Spencer Pratt‘s Los Angeles mayoral run just got a lot more complicated, and not because of anything happening at City Hall. The former “Hills” star, who earned Joe Rogan‘s full-throated endorsement earlier this year, has now signed a production deal with L.A.-based Boardwalk Pictures to document his political campaign on camera. One voice from the Roganverse is not amused.
The deal would put Pratt, his wife Heidi Montag, and their children at the center of a series tracking his journey through the race. According to sources familiar with the arrangement, the cameras would keep rolling even if Pratt crosses the finish line and gets sworn into office.
Comedian Tim Dillon put it bluntly in a recent podcast episode, “This right here gives you the idea that this man is unfit. You do not need to be on another reality show.”
Dillon elaborated on what that outcome would actually look like. He stated, “So, he’s going to be back on reality TV. So, that’s what’s going to happen if he wins. People are going to go, what are you watching? And you’re going to go, the mayor of Los Angeles?”
The deal adds to Pratt’s already scrutinized campaign. Sources say Montag and the children are expected to be prominently featured in the production, though the family is currently living well outside the city, roughly 70 miles up the coast in Carpinteria.
Pratt himself is spending the bulk of his time in Los Angeles pursuing the race, and if he prevails in the election, the family would presumably relocate to the mayor’s official residence in the Hancock Park area.
Questions about Pratt’s living situation have also followed the campaign in recent weeks. He had been seen in campaign materials standing in front of an Airstream trailer, and the imagery carried a clear message about his circumstances following the Palisades fires.
When pressed on whether he actually lived there, Pratt told reporters he had never claimed otherwise, a statement that raised eyebrows given the visuals from his own promotional content. It later emerged that he has been staying at the Bel Air Hotel, where nightly rates start at no less than $1,500, with Pratt citing safety concerns as the reason for the arrangement.
None of this has dimmed the support he received from Joe Rogan, who made his endorsement clear during a recent episode of the Joe Rogan Experience. “I’m rooting for you. I mean, if I lived in Los Angeles, no question whatsoever I would vote for you,” Rogan told Pratt directly.
The conversation ranged from the Palisades fires to the city’s homelessness crisis to financial mismanagement at the government level, with Rogan arguing that the fires were a foreseeable failure rather than an environmental inevitability.
“The lack of preparation for the Palisades fires was astonishing. The fact that the reservoir was empty was criminal mismanagement. It was just that everybody knew that we had fires, like massive fires, that it was a dry place, and when the Santa Ana winds would blow, if something caught fire, it was a real problem. We had known that forever,” Rogan said.

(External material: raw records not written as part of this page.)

(* Let $0\le s\le n$ and let $\mathbb{T}$ be a variational morphism of rank $r-1$ and degree $n-s$ on $W$, given for every $\pi$-vertical vector field $\Xi$ on $W$ by $$\langle\mathbb{T}|J^{r-1}\Xi\rangle=\Big(\sum_{|J|=0}^{r-1}t^{i_1\dots i_sJ}_\sigma\Xi^\sigma_J\Big)\wedge ds_{i_1\dots i_s},$$ with coefficients $t^{i_1\dots i_sJ}_\sigma$ (functions on some jet prolongation $W^t$) antisymmetric in $i_1\dots i_s$ and symmetric in the indices of $J$. Define the $(n-s)$-horizontal $1$-contact $(n-s+1)$-form $$\tilde{\mathcal{R}}=\Big(\sum_{|J|=0}^{r-1}-t^{i_1\dots i_sJ}_\sigma\,\omega^\sigma_J\Big)\wedge ds_{i_1\dots i_s}.$$ Then for every $\pi$-vertical vector field $\Xi$ on $W$, $$\mathrm{Div}\big(\langle\mathbb{T}|J^{r-1}\Xi\rangle\big)=J^r\Xi\lrcorner\,d_H\tilde{\mathcal{R}}.$$
   Context: Let $\pi:Y\to X$ be a fibered manifold, $n=\dim X$, $m=\dim Y-n$. Let $U\subseteq X$ be open and $W=\pi^{-1}(U)$ the domain of a fibered chart $(x^i,y^\sigma)$ with associated jet coordinates $(x^i,y^\sigma_J)$ on $W^r\subseteq J^rY$, $J$ a multi-index of length $|J|\le r$ ($y^\sigma_J$ symmetric in $J$); sums over multi-indices run over all index tuples and repeated indices are summed. Contact forms: $\omega^\sigma_J=dy^\sigma_J-y^\sigma_{Ji}dx^i$. $ds=dx^1\wedge\dots\wedge dx^n$, $ds_{i_1\dots i_s}=\frac{\partial}{\partial x^{i_s}}\lrcorner\dots\lrcorner\frac{\partial}{\partial x^{i_1}}\lrcorner ds$. Formal derivative $d_i=\frac{\partial}{\partial x^i}+\sum_J y^\sigma_{Ji}\frac{\partial}{\partial y^\sigma_J}$ on functions; the total derivative of forms $\mathrm{d}_i$ equals $d_i$ on functions, obeys the Leibniz rule with respect to $\wedge$, and $\mathrm{d}_idx^j=0$, $\mathrm{d}_i\omega^\sigma_J=\omega^\sigma_{Ji}$. The horizontal differential of a $q$-form is $d_H\rho=(-1)^q\mathrm{d}_i\rho\wedge dx^i$. A form is $p$-horizontal if each term contains exactly $p$ factors $dx^i$, and $1$-contact if each term contains exactly one factor $\omega^\sigma_J$. For a $\pi$-vertical vector field $\Xi=\Xi^\sigma\partial/\partial y^\sigma$, $J^r\Xi=\sum_{|J|\le r}\Xi^\sigma_J\partial/\partial y^\sigma_J$ with $\Xi^\sigma_J=d_J\Xi^\sigma$. For a horizontal form $\beta=f^{i_1\dots i_p}ds_{i_1\dots i_p}$ with coefficients depending on $x$, jets of $y$ and jets of $\Xi$, $\mathrm{Div}(\beta)=d_lf^{i_1\dots i_p}\,dx^l\wedge ds_{i_1\dots i_p}$, where $d_l$ acts as formal derivative also on the $\Xi$-variables ($d_l\Xi^\sigma_J=\Xi^\sigma_{Jl}$). *)

theory Defs
  imports "HOL-Analysis.Analysis" "HOL-Library.Multiset" "HOL-Combinatorics.Permutations"
begin
lemma opT_G2: "opT G2 = K2"
  unfolding opT_def
proof (rule cleanup_eqI)
  have c02: "fan 0 {1,2} \<in> chains G2" and c14: "fan 1 {3,4} \<in> chains G2"
    and c30: "fan 3 {0} \<in> chains G2" and c31: "fan 3 {1} \<in> chains G2"
    by (auto simp: G2_def intro: chains.base)
  have c04: "fan 0 {3,4} \<in> chains G2"
    using chains.step[OF _ c14, of "fan 0 {1,2}"] by (simp add: G2_def)
  have c10: "fan 1 {0} \<in> chains G2"
    using chains.step[OF _ c30, of "fan 1 {3,4}"] by (simp add: G2_def)
  have c00: "fan 0 {0} \<in> chains G2"
    using chains.step[OF _ c10, of "fan 0 {1,2}"] by (simp add: G2_def)
  have c32: "fan 3 {1,2} \<in> chains G2"
    using chains.step[OF _ c02, of "fan 3 {0}"] by (simp add: G2_def)
  have c12: "fan 1 {1,2} \<in> chains G2"
    using chains.step[OF _ c32, of "fan 1 {3,4}"] by (simp add: G2_def)
  have c34: "fan 3 {3,4} \<in> chains G2"
    using chains.step[OF _ c04, of "fan 3 {0}"] by (simp add: G2_def)
  show "K2 \<subseteq> chains G2"
    unfolding K2_def using c02 c14 c30 c04 c10 c00 c32 c12 c34 by auto
  show "chains G2 \<subseteq> fans {0,1,3} {{1,2},{3,4},{0},{1}}"
    by (rule chains_fans) (auto simp: G2_def fans_def)
  show "\<forall>P\<in>K2. \<forall>Q\<in>fans {0,1,3} {{1,2},{3,4},{0},{1}}. \<not> P \<subset> Q"
    by (simp add: K2_def fans_def psubset_eq)
  show "fans {0,1,3} {{1,2},{3,4},{0},{1}} \<subseteq> K2 \<union> {{}, fan 0 {1}, fan 1 {1}, fan 3 {1}}"
    by (auto simp: K2_def fans_def)
  show "\<forall>P\<in>{{}, fan 0 {1}, fan 1 {1}, fan 3 {1}}. \<exists>Q\<in>K2. P \<subset> Q"
    by (simp add: K2_def psubset_eq)
qed

lemma no_01_after_TS_F2: "(point 0, point 1) \<notin> pref_rel (T # S # w) 1 five_values discrete_order F2"
proof -
  let ?K = "{fan 0 {2}, fan 0 {4}, fan 0 {0}, fan 1 {1,2}, fan 1 {3,4}, fan 1 {0},
             fan 3 {1,2}, fan 3 {3,4}, fan 3 {0}}"
  have "sround K2 = ?K"
    unfolding sround_def K2_def by simp
  moreover have "\<not> sstable K2" unfolding K2_def sstable_iff by simp
  moreover have "sstable ?K" unfolding sstable_iff by simp
  ultimately have opS_K2: "opS K2 = cleanup ?K" by (simp add: opS_one_round)
  have "(point 0, point 1) \<notin> \<Union>(apply_word w (opS K2))"
  proof (rule notin_Union_apply_word)
    show "\<Union>(opS K2) \<subseteq> \<Union>?K"
      unfolding opS_K2 by (intro Union_mono cleanup_subset)
    show "(point 0, point 1) \<notin> (\<Union>?K)\<^sup>+"
      by (rule not_reachable_if_closed[of _ "{point 0, point 2, point 4}"]) (auto simp: fan_def)
  qed
  then show ?thesis unfolding pref_rel_Cons apply_word_simps sem_F2 apply_op.simps opT_G2 .
qed

lemma opS_G2: "opS G2 = cleanup {fan 1 {4}, fan 0 {1,2}, fan 3 {0}, fan 3 {1}}"
proof -
  have "sround G2 = {fan 1 {4}, fan 0 {1,2}, fan 3 {0}, fan 3 {1}}"
    unfolding sround_def G2_def by simp
  moreover have "\<not> sstable G2" unfolding G2_def sstable_iff by simp
  moreover have "sstable {fan 1 {4}, fan 0 {1,2}, fan 3 {0}, fan 3 {1}}"
    unfolding sstable_iff by simp
  ultimately show ?thesis by (simp add: opS_one_round)
qed

text \<open>From \<open>opS G2\<close> on, every statement is one of these fans, as they are closed under
  composition; hence a second S only removes subsumed statements.\<close>

definition C2 :: "ttuple rel set" where
  "C2 = {fan 0 {1,2}, fan 0 {4}, fan 1 {4}, fan 3 {0}, fan 3 {1,2}, fan 3 {4}, fan 3 {1}}"

lemma sstable_C2: "sstable C2"
  unfolding sstable_iff C2_def by simp

lemma chains_subset_C2:
  assumes "G \<subseteq> insert {} C2"
  shows "chains G \<subseteq> insert {} C2"
proof (rule chains_subset_closed[OF assms])
  fix P Q assume "P \<in> G" "Q \<in> insert {} C2"
  with assms have "P \<in> insert {} C2" by blast
  with \<open>Q \<in> insert {} C2\<close> show "P O Q \<in> insert {} C2"
    unfolding C2_def by (elim insertE emptyE) simp_all
qed

lemma finite_chains_C2: "G \<subseteq> insert {} C2 \<Longrightarrow> finite (chains G)"
  by (rule finite_subset[OF chains_subset_C2]) (simp_all add: C2_def)

lemma opS_G2_subset: "opS G2 \<subseteq> insert {} C2"
  unfolding opS_G2 by (rule order_trans[OF cleanup_subset]) (simp add: C2_def)

lemma opT_opS_G2_subset: "opT (opS G2) \<subseteq> C2"
proof -
  have "fan 0 {1,2} \<in> chains (opS G2)"
    unfolding opS_G2 cleanup_def by (auto simp: psubset_eq intro: chains.base)
  then have "{} \<notin> opT (opS G2)"
    unfolding opT_def by (rule empty_notin_cleanup) simp
  moreover have "opT (opS G2) \<subseteq> insert {} C2"
    unfolding opT_def by (rule order_trans[OF cleanup_subset chains_subset_C2[OF opS_G2_subset]])
  ultimately show ?thesis by blast
qed

lemma has_01_after_ST_F2:
  "(point 0, point 1) \<in> pref_rel [S, T] 1 five_values discrete_order F2"
  "(point 0, point 1) \<in> pref_rel [S, T, S] 1 five_values discrete_order F2"
  "(point 0, point 1) \<in> pref_rel [S, T, S, T] 1 five_values discrete_order F2"
proof -
  let ?ST = "opT (opS G2)"
  have in_S: "(point 0, point 1) \<in> \<Union>(opS G2)"
    unfolding opS_G2 by (simp add: Union_cleanup)
  have in_ST: "(point 0, point 1) \<in> \<Union>?ST"
    using in_S by (rule subsetD[OF Union_subset_Union_opT[OF finite_chains_C2[OF opS_G2_subset]]])
  have STS: "opS ?ST = cleanup ?ST"
    by (rule opS_sstable[OF sstable_subset[OF sstable_C2 opT_opS_G2_subset]])
  have "finite ?ST"
    by (rule finite_subset[OF opT_opS_G2_subset]) (simp add: C2_def)
  with in_ST have in_STS: "(point 0, point 1) \<in> \<Union>(opS ?ST)"
    by (simp add: STS Union_cleanup)
  have "opS ?ST \<subseteq> insert {} C2"
    unfolding STS using cleanup_subset opT_opS_G2_subset by blast
  with in_STS have in_STST: "(point 0, point 1) \<in> \<Union>(opT (opS ?ST))"
    by (blast dest: finite_chains_C2 Union_subset_Union_opT)
  from in_ST in_STS in_STST show
    "(point 0, point 1) \<in> pref_rel [S, T] 1 five_values discrete_order F2"
    "(point 0, point 1) \<in> pref_rel [S, T, S] 1 five_values discrete_order F2"
    "(point 0, point 1) \<in> pref_rel [S, T, S, T] 1 five_values discrete_order F2"
    by (simp_all only: pref_rel_def induced_def apply_word_simps apply_op.simps sem_F2)
qed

On the homelessness front, Rogan pointed to what he described as a system designed to consume public money without producing results.
“There’s no other explanation other than extensive fraud. There’s no way they could be getting that much money from our taxes and have this big of a problem with crime and with homelessness. And it’s almost like they want everybody to feel helpless,” he said.
He also credited efforts by Elon Musk’s DOGE initiative with pulling back the curtain on how nonprofit and government funding actually flows. “I don’t think before DOGE and before Elon started investigating into a lot of these NGOs, I don’t think anybody was really aware of how this all works and how there’s a whole bureaucracy, like a business that’s set up where a bunch of people get paid from this money to essentially make no improvements whatsoever,” Rogan said.
Pratt used the platform to highlight a contrast he sees as emblematic of the city’s dysfunction, pointing to the Los Angeles Fire Department’s struggle to secure basic resources while hundreds of millions in homelessness funding reportedly went unspent.
“You can’t steal that money. You want to know how sick it is right now? The fire department, their union, all the members had to take their own money to get on a ballot measure, a million dollars, as they all pulled together to get a ballot measure this coming election to get a half cent on sales tax in LA so that they could have money to fund actual things they need,” Pratt said.
Rogan closed out the discussion by framing the candidacy as something larger than one race in one city.
“If you could really change Los Angeles and turn it around, that would be absolutely fantastic. It would be a great story. It would be really amazing and it would give hope to a lot of other cities that are experiencing similar situations where I think a lot of other people would follow your path,” he said.